Additionally, the information and evidence can be disclosed to a lawyer while obtaining legal guidance or otherwise as required by the law. Overall, the information must not be revealed to any other person.

Specifically, both the landlord and property manager must not disclose it to other tenant/s of the property regardless of whether they claim to have the permission of the tenant to do so.

6. What if the tenant doesn’t provide evidence or the landlord isn’t satisfied with the evidence provided to them?

The landlord may within seven days inform the vacating tenant whether they propose to apply to the Tribunal to have the notice set aside.

The landlord may within seven days after receiving the notice ending the tenancy interest apply to Queensland Civil and Administrative Tribunal (QCAT) for an order setting aside the notice.

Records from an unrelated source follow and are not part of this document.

text \<open>Every coordinate of \<open>x\<close> is hit by some shifted copy of \<open>T\<close>, which then contributes a
  positive term.\<close>

lemma pos_def_on_circulant_average:
  assumes m: "m \<ge> 1" and N: "N \<ge> 1" and W: "W \<ge> 1" and pd: "pos_def_on {..<m*W} T"
  shows "pos_def_on {..<m*N} (circulant_average m N W T)"
  unfolding pos_def_on_def
proof (intro allI impI)
  fix x :: "nat \<Rightarrow> real" assume "\<exists>u\<in>{..<m*N}. x u \<noteq> 0"
  then obtain p where p: "p < m*N" "x p \<noteq> 0" by auto
  obtain i r where ir: "p = i * m + r" "i < N" "r < m" using block_decompose[OF m p(1)] .
  have "cyclic_embed m N i r = p" unfolding cyclic_embed_def ir(1) using ir(2,3) by simp
  moreover have "r < m * W" using ir(3) W by (simp add: less_le_trans[of r m "m * W"])
  ultimately have "0 < quad_form {..<m*W} T (\<lambda>a. x (cyclic_embed m N i a))"
    using pd p(2) unfolding pos_def_on_def by auto
  then have "0 < (\<Sum>s<N. quad_form {..<m*W} T (\<lambda>a. x (cyclic_embed m N s a)))"
    using ir(2) pos_def_on_imp_nonneg[OF pd] by (intro sum_pos2[of _ i]) auto
  then show "0 < quad_form {..<m*N} (circulant_average m N W T) x"
    unfolding quad_form_circulant_average[OF m N] using W by simp
qed

lemma symmetric_on_circulant_average:
  assumes "symmetric_on {..<m*W} T"
  shows "symmetric_on A (circulant_average m N W T)"
proof -
  have "(\<Sum>a<m*W. \<Sum>b<m*W. if cyclic_embed m N s a = q \<and> cyclic_embed m N s b = p then T a b else 0) =
      (\<Sum>a<m*W. \<Sum>b<m*W. if cyclic_embed m N s a = p \<and> cyclic_embed m N s b = q then T a b else 0)"
    for s p q
  proof -
    have "(\<Sum>a<m*W. \<Sum>b<m*W. if cyclic_embed m N s a = q \<and> cyclic_embed m N s b = p then T a b else 0) =
        (\<Sum>b<m*W. \<Sum>a<m*W. if cyclic_embed m N s a = q \<and> cyclic_embed m N s b = p then T a b else 0)"
      by (rule sum.swap)
    also have "\<dots> = (\<Sum>b<m*W. \<Sum>a<m*W.
        if cyclic_embed m N s b = p \<and> cyclic_embed m N s a = q then T b a else 0)"
    proof (intro sum.cong refl)
      fix a b assume "a \<in> {..<m*W}" "b \<in> {..<m*W}"
      then have "T a b = T b a" using assms unfolding symmetric_on_def by blast
      then show "(if cyclic_embed m N s a = q \<and> cyclic_embed m N s b = p then T a b else 0) =
          (if cyclic_embed m N s b = p \<and> cyclic_embed m N s a = q then T b a else 0)" by auto
    qed
    finally show ?thesis .
  qed
  then show ?thesis unfolding symmetric_on_def circulant_average_def by simp
qed
(* Assume the linear model $X_a=X^a\theta^0_a+\epsilon_a$. On the event $\Lambda_a$, if $\lambda\ge2\lambda_0$ and $\mu\ge2\mu_0$, then $$\frac2n\|X^a(\hat\theta^{\lambda,\mu}_a-\theta^0_a)\|_2^2+(\lambda-3B\mu)\|\hat\theta^{\lambda,\mu}_{a,S_0^c}\|_1\le(3\lambda+5B\mu)\|\hat\theta^{\lambda,\mu}_{a,S_0}-\theta^0_{a,S_0}\|_1.$$
   Context: Fix a node $a$. $X_a\in\mathbb{R}^n$ is the observed $a$-th variable, $X^a$ the $n\times p$ observation matrix with $a$-th column set to zero, $X^a_j$ its $j$-th column, $\theta^0_a$ the true coefficient vector, $\epsilon_a$ the noise. $S_0=\{j:\theta^0_{a,j}\neq0\}$. For $S\subseteq\{1,\dots,p\}$ and $\theta\in\mathbb{R}^p$, $\theta_S$ is the vector with entries $\theta_j\mathbf{1}\{j\in S\}$, and $\theta_{S^c}$ has entries $\theta_j\mathbf{1}\{j\notin S\}$. The local difference matrix $D^a$: from a known local neighborhood graph with edge set $E_{\rm local}$, $D$ has a row $e_i-e_j$ per edge $\{i,j\}$, $i<j$, and $D^a$ keeps rows with $a$-th entry $0$. $B$ bounds the number of nonzero entries in any column of $D^a$. $\hat\theta^{\lambda,\mu}_a=\operatorname{argmin}_{\theta_a}\big[\frac1n\|X_a-X^a\theta_a\|_2^2+\lambda\|\theta_a\|_1+\mu\|D^a\theta_a\|_1\big]$. For $\lambda_0,\mu_0>0$, $\Lambda_a:=\{\max_{j\neq a}\frac2n|\epsilon_a'X^a_j|\le\lambda_0+B\mu_0\}$. *)

theory Defs
  imports Complex_Main
begin

text \<open>Conventions: variables are indexed by 1..p, observations by 1..n.
  Vectors in R^p are functions nat => real (only entries 1..p matter),
  vectors in R^n are functions nat => real (entries 1..n),
  the full n x p data matrix is X :: nat => nat => real, X i j = observation i of variable j.\<close>

definition l1norm :: "nat \<Rightarrow> (nat \<Rightarrow> real) \<Rightarrow> real" where
  "l1norm p v = (\<Sum>j=1..p. \<bar>v j\<bar>)"

definition sqnorm :: "nat \<Rightarrow> (nat \<Rightarrow> real) \<Rightarrow> real" where
  "sqnorm n v = (\<Sum>i=1..n. (v i)\<^sup>2)"

definition vrestr :: "nat set \<Rightarrow> (nat \<Rightarrow> real) \<Rightarrow> (nat \<Rightarrow> real)" where
  "vrestr S \<theta> = (\<lambda>j. if j \<in> S then \<theta> j else 0)"

definition Xcol :: "(nat \<Rightarrow> nat \<Rightarrow> real) \<Rightarrow> nat \<Rightarrow> (nat \<Rightarrow> real)" where
  "Xcol X a = (\<lambda>i. X i a)"

definition Xminus :: "(nat \<Rightarrow> nat \<Rightarrow> real) \<Rightarrow> nat \<Rightarrow> (nat \<Rightarrow> nat \<Rightarrow> real)" where
  "Xminus X a = (\<lambda>i j. if j = a then 0 else X i j)"

definition mvmult :: "nat \<Rightarrow> (nat \<Rightarrow> nat \<Rightarrow> real) \<Rightarrow> (nat \<Rightarrow> real) \<Rightarrow> (nat \<Rightarrow> real)" where
  "mvmult p M \<theta> = (\<lambda>i. \<Sum>j=1..p. M i j * \<theta> j)"

text \<open>Edges of the local neighbourhood graph are stored as pairs (i,j) with i<j.
  Row set of D^a: edges whose row e_i - e_j has a-th entry 0, i.e. a not in {i,j}.\<close>
definition Drows :: "(nat \<times> nat) set \<Rightarrow> nat \<Rightarrow> (nat \<times> nat) set" where
  "Drows E a = {(i,j) \<in> E. i \<noteq> a \<and> j \<noteq> a}"

definition Dentry :: "nat \<times> nat \<Rightarrow> nat \<Rightarrow> real" where
  "Dentry e k = (if k = fst e then 1 else if k = snd e then -1 else 0)"

definition Dl1 :: "nat \<Rightarrow> (nat \<times> nat) set \<Rightarrow> nat \<Rightarrow> (nat \<Rightarrow> real) \<Rightarrow> real" where
  "Dl1 p E a \<theta> = (\<Sum>e\<in>Drows E a. \<bar>\<Sum>k=1..p. Dentry e k * \<theta> k\<bar>)"

definition objective :: "nat \<Rightarrow> nat \<Rightarrow> (nat \<Rightarrow> nat \<Rightarrow> real) \<Rightarrow> nat \<Rightarrow> (nat \<times> nat) set
    \<Rightarrow> real \<Rightarrow> real \<Rightarrow> (nat \<Rightarrow> real) \<Rightarrow> real" where
  "objective n p X a E lam mu \<theta> =
     (1 / real n) * sqnorm n (\<lambda>i. Xcol X a i - mvmult p (Xminus X a) \<theta> i)
     + lam * l1norm p \<theta> + mu * Dl1 p E a \<theta>"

7. What happens with the security bond when a tenancy ends due to domestic and family violence?

If there is more than one tenant listed on the tenancy agreement, the tenant can request their bond contribution be refunded and remaining co-tenants need to top up the bond balance whenever requested to do so.

The landlord/property manager cannot claim re-letting costs from a person experiencing violence where their interest in the tenancy has ended. Nor are they liable for property damage brought about by the domestic and family violence they have experienced.

8. In the event that a tenancy ends because of domestic and family violence and there is more than one tenant listed on a tenancy agreement, what is the prerequisite of the landlord / property manager to apprise the remaining tenant/s of their tenancy obligations and requirement to top up the bond?

The landlord / property manager must give each remaining tenant/s a continuing interest notice no later than fourteen days but no sooner than seven days after the vacating tenant’s interest ends.

If remaining tenants are required to top up the rent bond the due date must not be earlier than one month after the notice is given to each of the remaining tenants.

Check out the Housing Legislation Amendment Act 2021’s amendments here.